On July 10, 2015, the FCC issued its long-awaited rulemaking on the Telephone Consumer Protection Act (the “TCPA”). Undoubtedly, the rulings are heavily consumer centric offering little help to those businesses which have long complained of TCPA litigation abuse. Interestingly, the order resulted in two scathing dissents from FCC commissioners. Regardless as to the “side” taken, the ruling does offer valuable help in resolving issues that have been heavily litigated since the last FCC order.
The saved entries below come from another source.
lemma game_path_final_state:
  assumes "game_path n p"
  obtains Z where "zeck_rep n Z" "sum a Z = int (length p) + int (\<Sum>m\<leftarrow>p. excess m)"
proof -
  obtain s where run: "run p (replicate_mset n 1) = Some s" and stuck: "\<forall>m. step m s = None"
    using assms unfolding game_path_def by blast
  have "0 \<notin># s"
    using run_invariant[OF run, of "\<lambda>t. 0 \<notin># t"] step_zero_notin by auto
  note Z = stuck_zeck_rep[OF stuck this]
  have "a 1 = 0"
    by (simp add: a_def eval_nat_numeral)
  have moves: "(\<Sum>m\<leftarrow>p. 1 + int (excess m)) = int (length p) + int (\<Sum>m\<leftarrow>p. excess m)"
    by (induction p) simp_all
  have "(\<Sum>i\<in>#s. F i) = n"
    using run_additive[OF run, of "\<lambda>t. \<Sum>i\<in>#t. F i" "\<lambda>_. 0"] step_preserves_value by simp
  moreover have "(\<Sum>i\<in>#s. a i) = int (length p) + int (\<Sum>m\<leftarrow>p. excess m)"
    using run_additive[OF run, of "\<lambda>t. \<Sum>i\<in>#t. a i" "\<lambda>m. 1 + int (excess m)"]
      step_potential \<open>a 1 = 0\<close> moves
    by simp
  ultimately show thesis
    using that[of "set_mset s"] Z by (metis sum_unfold_sum_mset)
qed

lemma sum_delta_eq_sum_zeck:
  fixes f :: "nat \<Rightarrow> int"
  assumes "zeck_rep n S" "n \<noteq> 0"
  shows "(\<Sum>i=1..imax n. f i * delta n i) = sum f S"
proof -
  have S: "zeck n = S" "finite S" "0 \<notin> S" "S \<noteq> {}"
    using assms zeck_eqI[OF assms(1)] by (auto simp: zeck_rep_def)
  then have "S \<subseteq> {1..imax n}"
    by (auto simp: imax_def Suc_le_eq gr0I)
  have "(\<Sum>i=1..imax n. f i * delta n i) = (\<Sum>i\<in>{1..imax n}. if i \<in> S then f i else 0)"
    by (intro sum.cong) (auto simp: delta_def S(1))
  also have "\<dots> = sum f S"
    using \<open>S \<subseteq> {1..imax n}\<close> by (simp add: Int_absorb1 flip: sum.inter_restrict)
  finally show ?thesis .
qed

lemma sum_list_excess:
  "(\<Sum>m\<leftarrow>p. excess m) = (\<Sum>i\<in>{i. 2 \<le> i \<and> MC p i > 0}. (i - 1) * MC p i)"
proof -
  define B where "B = {i. 2 \<le> i \<and> MC p i > 0}"
  have "B \<subseteq> Comb -` set p"
    by (auto simp: B_def MC_def)
  then have "finite B"
    by (rule finite_subset) (simp add: finite_vimageI inj_def)
  have "(\<Sum>m\<leftarrow>p. excess m) = (\<Sum>m\<in>set p. count_list p m * excess m)"
    by (rule sum_list_map_eq_sum_count)
  also have "\<dots> = (\<Sum>m\<in>Comb ` B. count_list p m * excess m)"
    using \<open>B \<subseteq> Comb -` set p\<close>
    by (intro sum.mono_neutral_right)
      (auto simp: B_def MC_def excess_def count_mset split: move.splits)
  also have "\<dots> = (\<Sum>i\<in>B. (i - 1) * MC p i)"
    by (simp add: sum.reindex inj_on_def MC_def count_mset excess_def mult.commute)
  finally show ?thesis
    by (simp add: B_def)
qed

lemma sum_list_excess_eq_0_iff:
  "(\<Sum>m\<leftarrow>p. excess m) = 0 \<longleftrightarrow> (\<forall>i\<ge>2. MC p i = 0)"
  by (auto simp: MC_def excess_def split: move.splits) (metis One_nat_def Suc_1 not_less_eq_eq)

theorem mainTheorem6:
  fixes n :: nat and p :: "move list"
  assumes "n \<ge> 1" and "game_path n p"
  shows "int (length p) =
           (\<Sum>i=1..imax n. a i * delta n i)
           - (\<Sum>i\<in>{i. 2 \<le> i \<and> MC p i > 0}. int (i - 1) * int (MC p i))
         \<and> (int (length p) = (\<Sum>i=1..imax n. a i * delta n i)
           \<longleftrightarrow> (\<forall>i\<ge>2. MC p i = 0))"
proof -
  obtain Z where Z: "zeck_rep n Z" "sum a Z = int (length p) + int (\<Sum>m\<leftarrow>p. excess m)"
    using game_path_final_state[OF assms(2)] .
  have "(\<Sum>i=1..imax n. a i * delta n i) = int (length p) + int (\<Sum>m\<leftarrow>p. excess m)"
    using sum_delta_eq_sum_zeck[OF Z(1)] assms(1) Z(2) by simp
  moreover have "int (\<Sum>m\<leftarrow>p. excess m)
      = (\<Sum>i\<in>{i. 2 \<le> i \<and> MC p i > 0}. int (i - 1) * int (MC p i))"
    unfolding sum_list_excess by simp
  ultimately show ?thesis
    using sum_list_excess_eq_0_iff by auto
qed

end
(* Let $d\ge1$, $t\in\mathbb R$, $\epsilon\ge0$, and let $\Phi=(\phi_0,\dots,\phi_d)\in\mathbb R^{d+1}$ satisfy $\max_{x\in[-1,1]}|P(x,\Phi)-s_t(x)|\le\epsilon$. For an integer $r\ge1$ define the concatenated phase sequence $$\Phi^{(r)}:=\big(\phi_0,\phi_1,\dots,\phi_{d-1},\underbrace{\phi_d+\phi_0,\phi_1,\dots,\phi_{d-1}}_{\text{repeated } r-1\text{ times}},\phi_d\big)\in\mathbb R^{rd+1}.$$ Then $\max_{x\in[-1,1]}|P(x,\Phi^{(r)})-s_{rt}(x)|\le r^2\epsilon$.
   Context: For phases $\Phi=(\phi_0,\dots,\phi_D)\in\mathbb R^{D+1}$ and $x\in[-1,1]$, let $W(x):=\begin{pmatrix}x& i\sqrt{1-x^2}\\ i\sqrt{1-x^2}&x\end{pmatrix}$, $Z=\mathrm{diag}(1,-1)$, $U(x,\Phi):=e^{i\phi_0Z}\prod_{j=1}^D\big[W(x)e^{i\phi_jZ}\big]$, and $P(x,\Phi):=\langle0|U(x,\Phi)|0\rangle$ (the upper-left entry). Also $s_t(x):=e^{-itx^2}$. *)

theory Defs
  imports "HOL-Analysis.Analysis"
begin

type_synonym cmat2 = "complex ^ 2 ^ 2"

definition mat2 :: "complex \<Rightarrow> complex \<Rightarrow> complex \<Rightarrow> complex \<Rightarrow> cmat2" where
  "mat2 a b c d = (\<chi> i j. if i = 1 then (if j = 1 then a else b) else (if j = 1 then c else d))"

definition Wsig :: "real \<Rightarrow> cmat2" where
  "Wsig x = mat2 (complex_of_real x) (\<i> * complex_of_real (sqrt (1 - x\<^sup>2)))
                  (\<i> * complex_of_real (sqrt (1 - x\<^sup>2))) (complex_of_real x)"

text \<open>e^{i phi Z} with Z = diag(1,-1).\<close>
definition expZ :: "real \<Rightarrow> cmat2" where
  "expZ phi = mat2 (cis phi) 0 0 (cis (- phi))"

text \<open>Phase list [phi_0, ..., phi_D];
  U(x,Phi) = e^{i phi_0 Z} * prod_{j=1}^D (W(x) e^{i phi_j Z}).\<close>
definition Uqsp :: "real \<Rightarrow> real list \<Rightarrow> cmat2" where
  "Uqsp x Phi = expZ (hd Phi) ** foldr (\<lambda>phi M. (Wsig x ** expZ phi) ** M) (tl Phi) (mat 1)"

definition Pqsp :: "real \<Rightarrow> real list \<Rightarrow> complex" where
  "Pqsp x Phi = Uqsp x Phi $ 1 $ 1"

definition s_t :: "real \<Rightarrow> real \<Rightarrow> complex" where
  "s_t t x = exp (- \<i> * complex_of_real (t * x\<^sup>2))"

definition concat_phases :: "nat \<Rightarrow> real list \<Rightarrow> real list" where
  "concat_phases r Phi =
     (let mid = butlast (tl Phi); p0 = hd Phi; pd = last Phi in
      p0 # mid @ concat (replicate (r - 1) ((pd + p0) # mid)) @ [pd])"

end

theory Submission imports Defs begin

(* The phases of Phi^(r) are arranged so that the two Z-rotations e^{i phi_d Z} e^{i phi_0 Z}
   at each junction merge into e^{i (phi_d + phi_0) Z}; hence U(x, Phi^(r)) = U(x, Phi)^r.
   U(x, Phi) lies in SU(2), i.e. has the shape [[a, b], [-cnj b, cnj a]] with |a|^2 + |b|^2 = 1.
   If |a - s| <= eps for a unimodular s, then |a| >= 1 - eps and so |b|^2 <= 2 eps.
   Writing a_k, b_k for the first row of U^k, a_{k+1} = a a_k - b cnj b_k and |b_k| <= k |b|, so
   |a_{k+1} - s^{k+1}| <= |a_k - s^k| + eps + 2 k eps, which sums to (k+1)^2 eps.
   Finally s_t(x)^r = s_{rt}(x). *)

lemma mat2_mult:
  "mat2 a b c d ** mat2 e f g h = mat2 (a*e + b*g) (a*f + b*h) (c*e + d*g) (c*f + d*h)"
  by (simp add: matrix_matrix_mult_def mat2_def vec_eq_iff forall_2 sum_2)

lemma mat_1_eq_mat2: "(mat 1 :: cmat2) = mat2 1 0 0 1"
  by (simp add: mat_def mat2_def vec_eq_iff forall_2)

lemma mat2_nth_11 [simp]: "mat2 a b c d $ 1 $ 1 = a"
  by (simp add: mat2_def)

lemma expZ_add: "expZ (p + q) = expZ p ** expZ q"
  by (simp add: expZ_def mat2_mult cis_mult)

subsection \<open>The group SU(2)\<close>

definition su2 :: "cmat2 \<Rightarrow> bool" where
  "su2 M \<longleftrightarrow> (\<exists>a b. M = mat2 a b (- cnj b) (cnj a) \<and> a * cnj a + b * cnj b = 1)"

lemma su2_mult:
  assumes "su2 M" "su2 N"
  shows "su2 (M ** N)"
proof -
  obtain a b where M: "M = mat2 a b (- cnj b) (cnj a)" "a * cnj a + b * cnj b = 1"
    using assms(1) su2_def by auto
  obtain c d where N: "N = mat2 c d (- cnj d) (cnj c)" "c * cnj c + d * cnj d = 1"
    using assms(2) su2_def by auto
  have "(a*c - b*cnj d) * cnj (a*c - b*cnj d) + (a*d + b*cnj c) * cnj (a*d + b*cnj c)
      = (a * cnj a + b * cnj b) * (c * cnj c + d * cnj d)"
    by (simp add: algebra_simps)
  with M N show ?thesis
    unfolding su2_def
    by (intro exI[of _ "a*c - b*cnj d"] exI[of _ "a*d + b*cnj c"]) (simp add: mat2_mult algebra_simps)
qed

lemma su2_mat_1: "su2 (mat 1)"
  unfolding su2_def mat_1_eq_mat2 by (intro exI[of _ 1] exI[of _ 0]) simp

lemma su2_expZ: "su2 (expZ p)"
  unfolding su2_def expZ_def by (intro exI[of _ "cis p"] exI[of _ 0]) (simp add: cis_cnj cis_mult)

lemma su2_Wsig:
  assumes "x \<in> {-1..1}"
  shows "su2 (Wsig x)"
proof -
  have "x\<^sup>2 \<le> 1"
    using assms by (simp add: abs_square_le_1 abs_le_iff)
  then have "complex_of_real x * cnj (complex_of_real x)
      + \<i> * complex_of_real (sqrt (1 - x\<^sup>2)) * cnj (\<i> * complex_of_real (sqrt (1 - x\<^sup>2))) = 1"
    by (simp add: power2_eq_square[symmetric] flip: of_real_mult of_real_power of_real_add)
      (simp add: power_mult_distrib flip: of_real_power)
  then show ?thesis
    unfolding su2_def Wsig_def
    by (intro exI[of _ "complex_of_real x"] exI[of _ "\<i> * complex_of_real (sqrt (1 - x\<^sup>2))"]) simp
qed

lemma su2_normsq:
  assumes "a * cnj a + b * cnj b = 1"
  shows "cmod a ^ 2 + cmod b ^ 2 = 1"
proof -
  have "complex_of_real (cmod a ^ 2 + cmod b ^ 2) = a * cnj a + b * cnj b"
    by (simp only: of_real_add complex_norm_square)
  with assms show ?thesis
    using of_real_eq_1_iff by metis
qed

lemma normsq_sum_eq_1_imp_le_1:
  fixes a b :: complex
  assumes "cmod a ^ 2 + cmod b ^ 2 = 1"
  shows "cmod a \<le> 1"
  using assms by (metis abs_norm_cancel abs_square_le_1 le_add_same_cancel1 zero_le_power2)

primrec matpow :: "cmat2 \<Rightarrow> nat \<Rightarrow> cmat2" where
  "matpow M 0 = mat 1"
| "matpow M (Suc n) = M ** matpow M n"

lemma matpow_rotate: "A ** matpow (B ** A) n ** B = matpow (A ** B) (Suc n)"
proof (induction n)
  case 0
  then show ?case by (simp add: matrix_mul_lid matrix_mul_rid)
next
  case (Suc n)
  have "A ** matpow (B ** A) (Suc n) ** B = (A ** B) ** (A ** matpow (B ** A) n ** B)"
    by (simp add: matrix_mul_assoc)
  also have "\<dots> = matpow (A ** B) (Suc (Suc n))"
    using Suc by simp
  finally show ?case .
qed

subsection \<open>The QSP product and concatenated phases\<close>

definition Wprod :: "real \<Rightarrow> real list \<Rightarrow> cmat2" where
  "Wprod x l = foldr (\<lambda>phi M. (Wsig x ** expZ phi) ** M) l (mat 1)"

lemma foldr_eq_Wprod: "foldr (\<lambda>phi M. (Wsig x ** expZ phi) ** M) l M = Wprod x l ** M"
  unfolding Wprod_def by (induction l) (auto simp: matrix_mul_assoc matrix_mul_lid)

lemma Uqsp_eq_Wprod: "Uqsp x Phi = expZ (hd Phi) ** Wprod x (tl Phi)"
  by (simp add: Uqsp_def Wprod_def)

lemma Wprod_Nil: "Wprod x [] = mat 1"
  by (simp add: Wprod_def)

lemma Wprod_Cons: "Wprod x (p # l) = (Wsig x ** expZ p) ** Wprod x l"
  by (simp add: Wprod_def)

lemma Wprod_append: "Wprod x (xs @ ys) = Wprod x xs ** Wprod x ys"
  unfolding Wprod_def[of x "xs @ ys"] foldr_append by (simp add: foldr_eq_Wprod matrix_mul_rid)

lemma Wprod_concat_replicate: "Wprod x (concat (replicate n l)) = matpow (Wprod x l) n"
  by (induction n) (simp_all add: Wprod_Nil Wprod_append)

lemma su2_Wprod: "x \<in> {-1..1} \<Longrightarrow> su2 (Wprod x l)"
  by (induction l) (auto simp: Wprod_Nil Wprod_Cons su2_mat_1 su2_mult su2_Wsig su2_expZ)

lemma su2_Uqsp: "x \<in> {-1..1} \<Longrightarrow> su2 (Uqsp x Phi)"
  by (simp add: Uqsp_eq_Wprod su2_mult su2_expZ su2_Wprod)

lemma list_two_ends:
  assumes "length l \<ge> 2"
  obtains p0 mid pd where "l = p0 # mid @ [pd]"
proof -
  obtain p0 rest where l: "l = p0 # rest"
    using assms by (cases l) auto
  with assms have "rest \<noteq> []"
    by auto
  then obtain mid pd where "rest = mid @ [pd]"
    by (metis rev_exhaust)
  with l show ?thesis
    using that by blast
qed

lemma concat_phases_split:
  assumes "Phi = p0 # mid @ [pd]"
  shows "concat_phases r Phi = p0 # mid @ concat (replicate (r - 1) ((pd + p0) # mid)) @ [pd]"
  using assms by (simp add: concat_phases_def)

lemma length_concat_phases:
  assumes "length Phi = d + 1" "d \<ge> 1" "r \<ge> 1"
  shows "length (concat_phases r Phi) = r * d + 1"
proof -
  obtain p0 mid pd where Phi: "Phi = p0 # mid @ [pd]"
    using assms(1,2) list_two_ends[of Phi] by auto
  have "length mid = d - 1"
    using assms(1) Phi by simp
  then show ?thesis
    using assms(2,3) by (cases r) (simp_all add: concat_phases_split[OF Phi] length_concat
        sum_list_replicate algebra_simps)
qed

lemma Uqsp_concat_phases:
  assumes "length Phi \<ge> 2" "r \<ge> 1"
  shows "Uqsp x (concat_phases r Phi) = matpow (Uqsp x Phi) r"
proof -
  obtain p0 mid pd where Phi: "Phi = p0 # mid @ [pd]"
    using assms(1) list_two_ends by blast
  define A where "A = expZ p0 ** Wprod x mid"
  define B where "B = Wsig x ** expZ pd"
  have last: "Wprod x [pd] = B"
    by (simp add: Wprod_Cons Wprod_Nil B_def matrix_mul_rid)
  have junction: "Wprod x ((pd + p0) # mid) = B ** A"
    by (simp add: Wprod_Cons A_def B_def expZ_add matrix_mul_assoc)
  have "Uqsp x (concat_phases r Phi) = A ** matpow (B ** A) (r - 1) ** B"
    by (simp add: concat_phases_split[OF Phi] Uqsp_eq_Wprod Wprod_append Wprod_concat_replicate
        junction last A_def matrix_mul_assoc)
  also have "\<dots> = matpow (A ** B) r"
    using matpow_rotate assms(2) by (metis Suc_diff_1 less_eq_Suc_le One_nat_def)
  also have "A ** B = Uqsp x Phi"
    by (simp add: Phi Uqsp_eq_Wprod Wprod_append last A_def matrix_mul_assoc)
  finally show ?thesis .
qed

subsection \<open>Powers of an SU(2) matrix close to a phase\<close>

lemma su2_offdiag_normsq_le:
  assumes "cmod a ^ 2 + cmod b ^ 2 = 1" "cmod s = 1" "cmod (a - s) \<le> e"
  shows "cmod b ^ 2 \<le> 2 * e"
proof -
  have a1: "cmod a \<le> 1"
    using normsq_sum_eq_1_imp_le_1 assms(1) .
  have "1 \<le> cmod a + cmod (s - a)"
    using assms(2) norm_triangle_ineq[of a "s - a"] by simp
  then have "1 - cmod a \<le> e"
    using assms(3) by (simp add: norm_minus_commute)
  moreover have "cmod b ^ 2 = (1 - cmod a) * (1 + cmod a)"
    using assms(1) by (simp add: algebra_simps power2_eq_square)
  moreover have "0 \<le> 1 - cmod a" "0 \<le> 1 + cmod a" "1 + cmod a \<le> 2"
    using a1 by auto
  ultimately show ?thesis
    by (metis mult.commute mult_mono' order.trans)
qed

lemma su2_power_offdiag_step:
  assumes "cmod a \<le> 1" "cmod ak \<le> 1" "cmod bk \<le> real k * cmod b"
  shows "cmod (a * bk + b * cnj ak) \<le> real (Suc k) * cmod b"
proof -
  have "cmod (a * bk + b * cnj ak) \<le> cmod a * cmod bk + cmod b * cmod ak"
    by (metis norm_triangle_ineq norm_mult complex_mod_cnj)
  also have "\<dots> \<le> cmod bk + cmod b"
    using assms(1,2) by (smt (verit) mult_left_le_one_le mult_right_le_one_le norm_ge_zero)
  also have "\<dots> \<le> real (Suc k) * cmod b"
    using assms(3) by (simp add: algebra_simps)
  finally show ?thesis .
qed

lemma su2_power_corner_step:
  assumes "cmod a \<le> 1" "cmod s = 1" "cmod (a - s) \<le> e" "cmod b ^ 2 \<le> 2 * e"
    and "cmod bk \<le> real k * cmod b" "cmod (ak - s ^ k) \<le> (real k)\<^sup>2 * e"
  shows "cmod (a * ak - b * cnj bk - s ^ Suc k) \<le> (real (Suc k))\<^sup>2 * e"
proof -
  have "a * ak - b * cnj bk - s ^ Suc k = a * (ak - s ^ k) + s ^ k * (a - s) - b * cnj bk"
    by (simp add: algebra_simps)
  then have "cmod (a * ak - b * cnj bk - s ^ Suc k)
      \<le> cmod (a * (ak - s ^ k) + s ^ k * (a - s)) + cmod (b * cnj bk)"
    by (simp only: norm_triangle_ineq4)
  also have "\<dots> \<le> cmod (a * (ak - s ^ k)) + cmod (s ^ k * (a - s)) + cmod (b * cnj bk)"
    using norm_triangle_ineq by simp
  also have "\<dots> = cmod a * cmod (ak - s ^ k) + cmod (a - s) + cmod b * cmod bk"
    using assms(2) by (simp add: norm_mult norm_power)
  also have "\<dots> \<le> (real k)\<^sup>2 * e + e + real k * (2 * e)"
  proof -
    have "cmod a * cmod (ak - s ^ k) \<le> (real k)\<^sup>2 * e"
      using assms(1,6) by (smt (verit) mult_left_le_one_le norm_ge_zero)
    moreover have "cmod b * cmod bk \<le> real k * cmod b ^ 2"
      using mult_left_mono[OF assms(5), of "cmod b"] by (simp add: power2_eq_square algebra_simps)
    moreover have "real k * cmod b ^ 2 \<le> real k * (2 * e)"
      using assms(4) by (simp add: mult_left_mono)
    ultimately show ?thesis
      using assms(3) by linarith
  qed
  also have "\<dots> = (real (Suc k))\<^sup>2 * e"
    by (simp add: power2_eq_square algebra_simps)
  finally show ?thesis .
qed

lemma su2_matpow_corner_deviation:
  assumes "su2 U" "cmod s = 1" "cmod (U $ 1 $ 1 - s) \<le> e"
  shows "cmod (matpow U k $ 1 $ 1 - s ^ k) \<le> (real k)\<^sup>2 * e"
proof -
  obtain a b where U: "U = mat2 a b (- cnj b) (cnj a)" "a * cnj a + b * cnj b = 1"
    using assms(1) su2_def by blast
  have a1: "cmod a \<le> 1" and close: "cmod (a - s) \<le> e"
    using normsq_sum_eq_1_imp_le_1 su2_normsq[OF U(2)] assms(3) U(1) by auto
  have b2: "cmod b ^ 2 \<le> 2 * e"
    using su2_offdiag_normsq_le[OF su2_normsq[OF U(2)] assms(2) close] .
  have "\<exists>ak bk. matpow U k = mat2 ak bk (- cnj bk) (cnj ak) \<and> ak * cnj ak + bk * cnj bk = 1
      \<and> cmod bk \<le> real k * cmod b \<and> cmod (ak - s ^ k) \<le> (real k)\<^sup>2 * e"
  proof (induction k)
    case 0
    show ?case by (intro exI[of _ 1] exI[of _ 0]) (simp add: mat_1_eq_mat2)
  next
    case (Suc k)
    then obtain ak bk where K: "matpow U k = mat2 ak bk (- cnj bk) (cnj ak)"
      "ak * cnj ak + bk * cnj bk = 1" "cmod bk \<le> real k * cmod b" "cmod (ak - s ^ k) \<le> (real k)\<^sup>2 * e"
      by blast
    define c where "c = a * ak - b * cnj bk"
    define d where "d = a * bk + b * cnj ak"
    have "matpow U (Suc k) = mat2 c d (- cnj d) (cnj c)"
      using K(1) U(1) by (simp add: mat2_mult c_def d_def algebra_simps)
    moreover have "c * cnj c + d * cnj d = (a * cnj a + b * cnj b) * (ak * cnj ak + bk * cnj bk)"
      by (simp add: c_def d_def algebra_simps)
    moreover have "cmod d \<le> real (Suc k) * cmod b"
      unfolding d_def
      using su2_power_offdiag_step a1 normsq_sum_eq_1_imp_le_1[OF su2_normsq[OF K(2)]] K(3) .
    moreover have "cmod (c - s ^ Suc k) \<le> (real (Suc k))\<^sup>2 * e"
      unfolding c_def using su2_power_corner_step[OF a1 assms(2) close b2 K(3,4)] .
    ultimately show ?case
      using U(2) K(2) by (intro exI[of _ c] exI[of _ d]) simp
  qed
  then show ?thesis by auto
qed

lemma norm_s_t [simp]: "cmod (s_t t x) = 1"
  unfolding s_t_def by (simp add: norm_exp_eq_Re)

lemma s_t_power: "s_t t x ^ r = s_t (real r * t) x"
  unfolding s_t_def by (simp flip: exp_of_nat_mult add: algebra_simps)

theorem mainTheorem7:
  fixes d r :: nat and t \<epsilon> :: real and Phi :: "real list"
  assumes "d \<ge> 1" and "\<epsilon> \<ge> 0" and "length Phi = d + 1"
    and "\<forall>x\<in>{-1..1::real}. cmod (Pqsp x Phi - s_t t x) \<le> \<epsilon>"
    and "r \<ge> 1"
  shows "length (concat_phases r Phi) = r * d + 1 \<and>
         (\<forall>x\<in>{-1..1::real}. cmod (Pqsp x (concat_phases r Phi) - s_t (real r * t) x)
              \<le> (real r)\<^sup>2 * \<epsilon>)"
proof (intro conjI ballI)
  show "length (concat_phases r Phi) = r * d + 1"
    using length_concat_phases[OF assms(3,1,5)] .
next
  fix x :: real
  assume x: "x \<in> {-1..1}"
  have "length Phi \<ge> 2"
    using assms(1,3) by simp
  then have "Pqsp x (concat_phases r Phi) = matpow (Uqsp x Phi) r $ 1 $ 1"
    using Uqsp_concat_phases assms(5) by (simp add: Pqsp_def)
  moreover have "cmod (matpow (Uqsp x Phi) r $ 1 $ 1 - s_t t x ^ r) \<le> (real r)\<^sup>2 * \<epsilon>"
    using su2_matpow_corner_deviation[OF su2_Uqsp[OF x] norm_s_t] assms(4) x
    by (simp add: Pqsp_def)
  ultimately show "cmod (Pqsp x (concat_phases r Phi) - s_t (real r * t) x) \<le> (real r)\<^sup>2 * \<epsilon>"
    by (simp add: s_t_power)
qed

end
A highlight of the FCC’s determinations is contained herein: Interpretation of a dialer: If the dialer is not “currently” or “presently” dialing random or sequential phone numbers, this condition does not exempt the equipment used from the TCPA’s definition of “dialer.”
- The following does not constitute “consent” for purposes of the TCPA:
- Being on an acquaintance’s phone contact list.
- Receiving consent from a prior subscriber or user of the telephone number.
- Consumers may revoke consent at any time and through any reasonable means.
- 2012 “Prior Express Written Consent” Rule for certain parties waived temporarily to allow gathering of updated consent.
- Certain free, pro-consumer financial and health care-related messages are exempted from consent requirement.
- Internet-to-phone text messages require consumer consent.
- Text messages are “calls” subject to the TCPA
- “On demand” text messages sent in response to a consumer request are not subject to the TCPA.
- Carriers and Voice over Internet Protocol (VoIP) providers can implement call-blocking technology to help consumers stop unwanted robocalls.
- Application providers that play a “minimal role” in sending text messages are not per se liable for unwanted robocalls.
- Collect-call services are not liable for making unwanted robocalls when providing “call set-up” information.